Parker and Chelsea disprove reality theory

According to Mick McGuire, Gordon Taylor's deputy at the Professional Footballers' Association, players and clubs alike have taken a reality check, and the sport's finances are no longer those of the madhouse. It is a reasonable assessment, though there is still a point at which reality blurs into fantasy football; and that point is the main gate at Stamford Bridge.

For all Chelsea's pledges to break even within the next five years, their unprecedented spending power continues to distort the domestic game, as has been illustrated twice in the past couple of weeks. First there was a perfect example brought out almost incidentally at the deadlocked High Court trial in which Harry Kewell was suing Gary Lineker for libel. Kewell's "personal manager", Bernie Mandic, said that soon after the Roman Abramovich coup, he had taken a call from Chelsea's chief executive, Trevor Birch. Knowing that his client was set on joining Liverpool, he "plucked a number out of the air and said Harry wouldn't go for less than £100,000 [a week]". Birch's reply startled Mandic as much as it should anyone else in football: "He said that wouldn't be a problem."

A similarly huge salary increase prompted Scott Parker to leave Charlton for Chelsea six months later, which had unwanted repercussions last week for Newcastle United and all other Premiership clubs - among them Birmingham, Everton, Tottenham and even Wigan - interested in signing him. It was estimated at the time that the player's wages had trebled from £15,000 a week, a tempting enough carrot for any 22-year-old. Charlton were annoyed he had recently signed a new contract, but the inflated £10m fee - paid almost in full the following day - has enabled them to buy eight new players, with money being handed on to Liverpool, Everton, Arsenal, Ipswich and Oxford among others.

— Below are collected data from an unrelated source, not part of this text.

(* Let $p$ be a minimal idempotent in $(\beta\mathbb{N}, +)$, let $\langle C_n \rangle_{n=1}^\infty$ be a sequence of members of $p$, and let $\langle a_n \rangle_{n=1}^\infty$ be a sequence in $\mathbb{N}$. Then for each $n \in \mathbb{N}$ there exists an arithmetic progression $Y_n \subseteq C_n$ of length $a_n$ such that for every nonempty finite $F \subseteq \mathbb{N}$, $\sum_{n \in F} Y_n \subseteq C_{\min F}$.
   Context: $\beta\mathbb{N}$ is the set of ultrafilters on $\mathbb{N}$ with the extension of addition $p+q = \{A \subseteq \mathbb{N} : \{x : -x+A \in q\} \in p\}$, $-x+A=\{y: x+y\in A\}$, a compact right topological semigroup. A minimal idempotent is an idempotent in the smallest two-sided ideal $K(\beta\mathbb{N})$. An arithmetic progression of length $k$ is a set $\{a, a+d, \ldots, a+(k-1)d\}$ with $a,d\in\mathbb{N}$. For finite $F \subseteq \mathbb{N}$ and nonempty sets $Y_n$, $\sum_{n \in F} Y_n = \{\sum_{n \in F} a_n : a_n \in Y_n \text{ for each } n \in F\}$. *)

theory Defs
  imports Main
begin

text \<open>The positive integers \<open>\<nat> = {1,2,...}\<close>, represented inside type nat.\<close>
definition Npos :: "nat set" where
  "Npos = {n. 1 \<le> n}"

definition is_ultrafilter :: "nat set set \<Rightarrow> bool" where
  "is_ultrafilter p \<longleftrightarrow>
     p \<subseteq> Pow Npos \<and> Npos \<in> p \<and> {} \<notin> p \<and>
     (\<forall>A\<in>p. \<forall>B. A \<subseteq> B \<and> B \<subseteq> Npos \<longrightarrow> B \<in> p) \<and>
     (\<forall>A\<in>p. \<forall>B\<in>p. A \<inter> B \<in> p) \<and>
     (\<forall>A. A \<subseteq> Npos \<longrightarrow> A \<in> p \<or> Npos - A \<in> p)"

definition betaN :: "nat set set set" where
  "betaN = {p. is_ultrafilter p}"

definition shift_left :: "nat \<Rightarrow> nat set \<Rightarrow> nat set" where
  "shift_left x A = {y \<in> Npos. x + y \<in> A}"

definition uplus :: "nat set set \<Rightarrow> nat set set \<Rightarrow> nat set set" (infixl "\<oplus>" 65) where
  "p \<oplus> q = {A. A \<subseteq> Npos \<and> {x \<in> Npos. shift_left x A \<in> q} \<in> p}"

definition is_ideal :: "nat set set set \<Rightarrow> bool" where
  "is_ideal I \<longleftrightarrow> I \<noteq> {} \<and> I \<subseteq> betaN \<and>
     (\<forall>p\<in>betaN. \<forall>q\<in>I. p \<oplus> q \<in> I \<and> q \<oplus> p \<in> I)"

definition K_betaN :: "nat set set set" where
  "K_betaN = \<Inter> {I. is_ideal I}"

definition minimal_idempotent :: "nat set set \<Rightarrow> bool" where
  "minimal_idempotent p \<longleftrightarrow> p \<in> betaN \<and> p \<oplus> p = p \<and> p \<in> K_betaN"

definition is_AP :: "nat set \<Rightarrow> nat \<Rightarrow> bool" where
  "is_AP Y k \<longleftrightarrow> (\<exists>a d. 1 \<le> a \<and> 1 \<le> d \<and> Y = {a + i * d | i. i < k})"

definition setsum_sets :: "nat set \<Rightarrow> (nat \<Rightarrow> nat set) \<Rightarrow> nat set" where
  "setsum_sets F Y = {(\<Sum>n\<in>F. f n) | f. \<forall>n\<in>F. f n \<in> Y n}"

end

theory Submission
  imports Defs "HOL-Library.FuncSet"
begin

text \<open>By van der Waerden's theorem, proved below by colour focusing, the sets containing arbitrarily
  long arithmetic progressions are partition regular, so some ultrafilter consists of such sets. The
  ultrafilters of this kind form a two-sided ideal of \<open>\<beta>\<nat>\<close>, which therefore contains \<open>K(\<beta>\<nat>)\<close>:
  every member of a minimal idempotent \<open>p\<close> contains arbitrarily long progressions.
  For idempotent \<open>p\<close> and \<open>A \<in> p\<close>, the set \<open>A\<^sup>\<star> = {x \<in> A. -x + A \<in> p}\<close> belongs to \<open>p\<close>, and
  so does \<open>-x + A\<^sup>\<star>\<close> for every \<open>x \<in> A\<^sup>\<star>\<close>. The progression \<open>Y\<^sub>n\<close> is then chosen inside the member
  \<open>C\<^sub>n\<^sup>\<star> \<inter> \<Inter> {-x + C\<^sub>m\<^sup>\<star>}\<close> of \<open>p\<close>, where \<open>x\<close> ranges over the finitely many sums
  over nonempty \<open>F \<subseteq> {1..n-1}\<close> already formed and \<open>m = min F\<close>.\<close>

section \<open>Van der Waerden's theorem\<close>

text \<open>\<open>vdW k\<close> asks for \<open>k\<close>-term progressions and \<open>mono_AP k\<close> for \<open>(k + 1)\<close>-term ones; the bound
  \<open>a + k d < N\<close> leaves room for the focus \<open>a + k d\<close>.\<close>
definition vdW :: "nat \<Rightarrow> bool" where
  "vdW k \<longleftrightarrow> (\<forall>r. \<exists>N. \<forall>c::nat \<Rightarrow> nat. (\<forall>x<N. c x < r) \<longrightarrow>
     (\<exists>a d. 0 < d \<and> a + k * d < N \<and> (\<forall>i<k. c (a + i * d) = c a)))"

The problem occurred once it became clear that Parker was surplus to a new manager's requirements. Most Premiership clubs - including Charlton - would have been in the market for him at a sensible fee. But even Chelsea were reluctant to lose too much on their original invest-ment and crucially, the number of clubs prepared to match wages believed to have risen to £55,000 was tiny. It is as much of a gamble for Newcastle to have done so, having shelled out £6.5m for the transfer, as it is for Parker, desperate to resurrect his international career, to have joined such an unstable club.

Meanwhile, the rod Chelsea have made for their own backs by paying excessive fees is still being used to beat them with. Milan and Athletic Bilbao can demand unrealistic sums for the left-backs they know the Premiership champions want (Kakha Kaladze and Asier Del Horno respectively), assuming there is a good chance Chelsea will eventually lose patience and sign the cheque. Jose Mourinho's return from holiday is expected to prompt increased urgency, for he will want the new full-back, midfield player and striker identified as prime targets to be in situ well before the club's US tour.

Market moves elsewhere have tended to centre on the promoted and relegated clubs, mostly bearing out McGuire's contention about more responsible trading. Wigan's interest in Parker hinted at ambitions they have so far been unable to achieve, but Sunderland and West Ham have shopped sensibly.

Mick McCarthy is pursuing the path he followed to good effect in turning the club round after relegation two seasons ago, by looking for potential at prices to match; Kelvin Davis and Tommy Miller, the goalkeeper and midfielder from poor, ransacked Ipswich, full-back Nyron Nosworthy from Gillingham and strikers Jon Stead from Blackburn and Daryl Murphy from Waterford have cost no more than £3m in total. West Ham have taken a £1.25m plunge on Watford's Heidar Helguson to follow Roy Carroll into the club, and are presumably writing clauses into the contracts about wages decreasing if relegation materialises again.

Those clubs moving in the opposite direction must strike the difficult balance between maximising chances of an immediate return while cutting costs. The best solution is generally to sacrifice one well-paid player for a big fee, which Crystal Palace hoped they had done by selling Wayne Routledge to Tottenham. But now Andrew Johnson has requested a move, with Liverpool, Newcastle and Everton interested, supporters will be fearing the worst despite the chairman's insistence he will be staying.

Followers of Norwich and Southampton still fear other new internationals such as Robert Green and Peter Crouch will be leaving, while Harry Redknapp faces the worry that a majority of his squad (and their agents) regard themselves as established Premiership players.

Ah, agents; it would hardly be surprising if the Kewell v Lineker jury found the arcane ways of the football transfer as difficult to comprehend as the most financially complex fraud trial. How did you make £2m from the deal when Leeds wanted to sell and Liverpool wanted to buy, Mandic was asked. "I didn't have to find a buyer. I just sat back and let them call," he responded with commendable candour.

Now the Football Association's compliance unit has charged Paul Stretford eight months after he was a star turn at a high-profile trial in Warrington Crown Court last September, when the prosecuting barrister said: "We do not feel able to rely upon Paul Stretford as a witness."